Business Email Compromise (BEC) has cost a staggering amount of money for enterprises. According to the reports from the FBI, such fraud scams have caused organizations across the world to lose more than $26 billion between June 2016 and July 2019.

Modus operandi of BEC scam

BEC scam is usually carried out by compromising legitimate business or personal email accounts. This is done by using social engineering techniques or by gaining unauthorized access to victims’ computers.

One of the significant social engineering techniques involves sending spoofed emails - that contain alerts or warnings or documents - to victims. The recipients believe the emails to be real and transfer the money to the hackers’ accounts.

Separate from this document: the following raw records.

lemma powr_mult_le_if_le_root_mult:
  fixes A B r \<alpha> :: real
  assumes "1 < \<alpha>" "0 < A" "0 < B" "0 \<le> r" "A \<le> r powr (1 / \<alpha>) * B powr (1 - 1 / \<alpha>)"
  shows "A powr \<alpha> * B powr (1 - \<alpha>) \<le> r"
proof -
  have "A powr \<alpha> \<le> (r powr (1 / \<alpha>) * B powr (1 - 1 / \<alpha>)) powr \<alpha>"
    using assms by (intro powr_mono2) auto
  also have "\<dots> = r * B powr (\<alpha> - 1)"
  proof -
    have "1 / \<alpha> * \<alpha> = 1" "(1 - 1 / \<alpha>) * \<alpha> = \<alpha> - 1"
      using assms(1) by (simp_all add: field_simps)
    then show ?thesis
      using assms(3,4) by (simp add: powr_mult powr_powr)
  qed
  finally have "A powr \<alpha> * B powr (1 - \<alpha>) \<le> r * B powr (\<alpha> - 1) * B powr (1 - \<alpha>)"
    by (rule mult_right_mono) simp
  also have "\<dots> = r"
    using assms(3) by (simp add: powr_add[symmetric])
  finally show ?thesis .
qed

lemma ereal_le_ennreal_ln_iff_pos:
  assumes "0 < c"
  shows "ereal y \<le> ereal (1 / c) * ennreal_ln I \<longleftrightarrow> ennreal (exp (c * y)) \<le> I"
    and "ereal y < ereal (1 / c) * ennreal_ln I \<longleftrightarrow> ennreal (exp (c * y)) < I"
proof -
  have "y \<le> ln r / c \<longleftrightarrow> exp (c * y) \<le> r" "y < ln r / c \<longleftrightarrow> exp (c * y) < r" if "0 < r" for r
    using assms that exp_le_cancel_iff[of "c * y" "ln r"] exp_less_cancel_iff[of "c * y" "ln r"]
    by (simp_all add: pos_le_divide_eq pos_less_divide_eq mult.commute)
  then show "ereal y \<le> ereal (1 / c) * ennreal_ln I \<longleftrightarrow> ennreal (exp (c * y)) \<le> I"
    and "ereal y < ereal (1 / c) * ennreal_ln I \<longleftrightarrow> ennreal (exp (c * y)) < I"
    using assms by (cases I; auto simp: ennreal_ln_def ennreal_le_iff ennreal_less_iff)+
qed

lemma ereal_le_ennreal_ln_iff_neg:
  assumes "c < 0"
  shows "ereal y \<le> ereal (1 / c) * ennreal_ln I \<longleftrightarrow> I \<le> ennreal (exp (c * y))"
    and "ereal y < ereal (1 / c) * ennreal_ln I \<longleftrightarrow> I < ennreal (exp (c * y))"
proof -
  have r: "y \<le> ln r / c \<longleftrightarrow> r \<le> exp (c * y)" "y < ln r / c \<longleftrightarrow> r < exp (c * y)" if "0 < r" for r
    using assms that exp_le_cancel_iff[of "ln r" "c * y"] exp_less_cancel_iff[of "ln r" "c * y"]
    by (simp_all add: neg_le_divide_eq neg_less_divide_eq mult.commute)
  have c: "1 / c < 0" using assms by simp
  consider "I = 0" | r where "I = ennreal r" "0 < r" | "I = \<top>"
    by (metis ennreal_cases ennreal_zero_less_top not_gr_zero ennreal_less_zero_iff)
  then have "(ereal y \<le> ereal (1 / c) * ennreal_ln I \<longleftrightarrow> I \<le> ennreal (exp (c * y))) \<and>
    (ereal y < ereal (1 / c) * ennreal_ln I \<longleftrightarrow> I < ennreal (exp (c * y)))"
    by cases (use c r in \<open>simp_all add: ennreal_ln_def ennreal_less_iff top_unique\<close>)
  then show "ereal y \<le> ereal (1 / c) * ennreal_ln I \<longleftrightarrow> I \<le> ennreal (exp (c * y))"
    and "ereal y < ereal (1 / c) * ennreal_ln I \<longleftrightarrow> I < ennreal (exp (c * y))"
    by auto
qed

lemma ereal_le_SUP_approx:
  assumes "\<And>y. ereal y < R \<Longrightarrow> \<exists>g\<in>G. y \<le> f g"
  shows "R \<le> (SUP g\<in>G. ereal (f g))"
proof (rule dense_le)
  fix z assume "z < R"
  then show "z \<le> (SUP g\<in>G. ereal (f g))"
  proof (cases z)
    case (real y)
    with assms \<open>z < R\<close> obtain g where "g \<in> G" "y \<le> f g" by auto
    then show ?thesis
      using real by (auto intro: SUP_upper2)
  qed auto
qed

lemma bounded_measurable_density [simp]: "bounded_measurable (density M d) = bounded_measurable M"
  unfolding bounded_measurable_def by simp

lemma bounded_measurable_cmult:
  "g \<in> bounded_measurable M \<Longrightarrow> (\<lambda>x. c * g x) \<in> bounded_measurable M"
  unfolding bounded_measurable_def
  by (auto simp: abs_mult intro!: exI[where x="\<bar>c\<bar> * _"] mult_left_mono)

lemma bounded_measurable_uminus_image: "(\<lambda>g x. - g x) ` bounded_measurable M = bounded_measurable M"
proof -
  have "(\<lambda>x. - g x) \<in> bounded_measurable M" if "g \<in> bounded_measurable M" for g
    using that unfolding bounded_measurable_def by auto
  then show ?thesis
    by (auto intro!: image_eqI[where x="\<lambda>x. - _ x"])
qed

lemma bounded_measurable_ln:
  assumes [measurable]: "t \<in> borel_measurable M" and "0 < a" and "\<And>x. x \<in> space M \<Longrightarrow> a \<le> t x \<and> t x \<le> b"
  shows "(\<lambda>x. ln (t x)) \<in> bounded_measurable M"
proof -
  have "\<bar>ln (t x)\<bar> \<le> \<bar>ln a\<bar> + \<bar>ln b\<bar>" if "x \<in> space M" for x
    using assms(2) assms(3)[OF that] by (smt (verit) ln_le_cancel_iff)
  then show ?thesis
    unfolding bounded_measurable_def by auto
qed

section \<open>Likelihood ratios\<close>

definition renyi_integrand :: "real \<Rightarrow> real \<Rightarrow> real \<Rightarrow> real" where
  "renyi_integrand \<alpha> p q = (if 0 < p then q powr \<alpha> * p powr (1 - \<alpha>) else 0)"

lemma renyi_integrand_eq_0 [simp]: "\<not> 0 < p \<Longrightarrow> renyi_integrand \<alpha> p q = 0"
  by (simp add: renyi_integrand_def)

Falling victim to BEC scams

The simple and fool-proof BEC scam has not even spared the big IT giants, leading to a loss of millions of dollars. Here’s look at some of the big losses:

  • A Lithuanian man managed to trick Google and Facebook into transferring $123 million into a bank account under his control. The culprit posed as a company named Quanta Computer - that provided the internet giants with hardware for their data centers - and sent emails to the firms with forged invoices and fraudulent contracts.
  • Toyota Boshoku Corporation, a subsidiary of the Toyota Group, suffered a loss of $37.3 million in a BEC scam. In August 2019, the firm was duped into making a large fund transfer outside the company. Following this, Toyota Boshoku established a legal professionals team and launched an investigation on the incident.
  • France’s leading independent film group, Pathe lost $22 million in a BEC scam that targeted its Dutch office. The fraud scam was carried out in March 2018 using several emails that pretend to be from the personal account of Pathe CEO like Marc Lacan. Following this loss, the CEO and finance director of the company were sacked.
  • A leading children’s charity ‘Save the Children Federation’, was conned into sending $1 million to fraudster’s bank account. The attacker managed to compromise an employee’s email account and from there had sent fake invoices and other documents designed to trick the organization.

Taking the scam one level up

While scams through spoofed emails continue to be rampant across all types of sectors, cybercriminals have come up with a new technique to trick victims. In a first-of-its-kind vishing attack, fraudsters have been found using AI-based voice-generating software to trick employees. This has caused a UK-based energy firm to lose around $243,000.